Work item
Copy out the lines of the records below, and only those lines, from the one with "using self_neg_block_pos_part[OF Z]" through the one with "ultimately show False", exactly as they appear.

Stored data
********************
lemma not_same_block_around_self_neg_block:
  assumes Z: "Z \<in> P" "uminus ` Z = Z"
    and "0 < i" "i < Min (pos_part Z)" "Max (pos_part Z) < j"
  shows "\<not> same_block P i j"
proof
  assume "same_block P i j"
  then obtain C where C: "C \<in> P" "i \<in> C" "j \<in> C" by (rule same_blockE)
  define z where "z = Min (pos_part Z)"
  have ne: "pos_part Z \<noteq> {}" and fin: "finite (pos_part Z)"
    using self_neg_block_pos_part_nonempty[OF Z] finite_pos_part[OF Z(1)] by auto
  then have "z \<in> pos_part Z" "z \<le> Max (pos_part Z)" unfolding z_def by auto
  then have z: "z \<in> Z" "- z \<in> Z" "0 < z" "z < j"
    using self_neg_block_pos_part[OF Z] assms(5) by auto
  have "i \<notin> Z" using pos_partI[OF Z(1) _ \<open>0 < i\<close>] Min_le[OF fin] assms(4) by force
  then have "C \<noteq> Z" using C(2) by auto
  moreover have "j \<le> int n" using block_elem[OF C(1) C(3)] by auto
  ultimately show False
    using noncrossing[OF C(1) Z(1) _ C(2) C(3) z(1) z(2)] z assms(3,4) z_def by simp
qed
********************
Task response
    using self_neg_block_pos_part[OF Z] assms(5) by auto
  have "i \<notin> Z" using pos_partI[OF Z(1) _ \<open>0 < i\<close>] Min_le[OF fin] assms(4) by force
  then have "C \<noteq> Z" using C(2) by auto
  moreover have "j \<le> int n" using block_elem[OF C(1) C(3)] by auto
  ultimately show False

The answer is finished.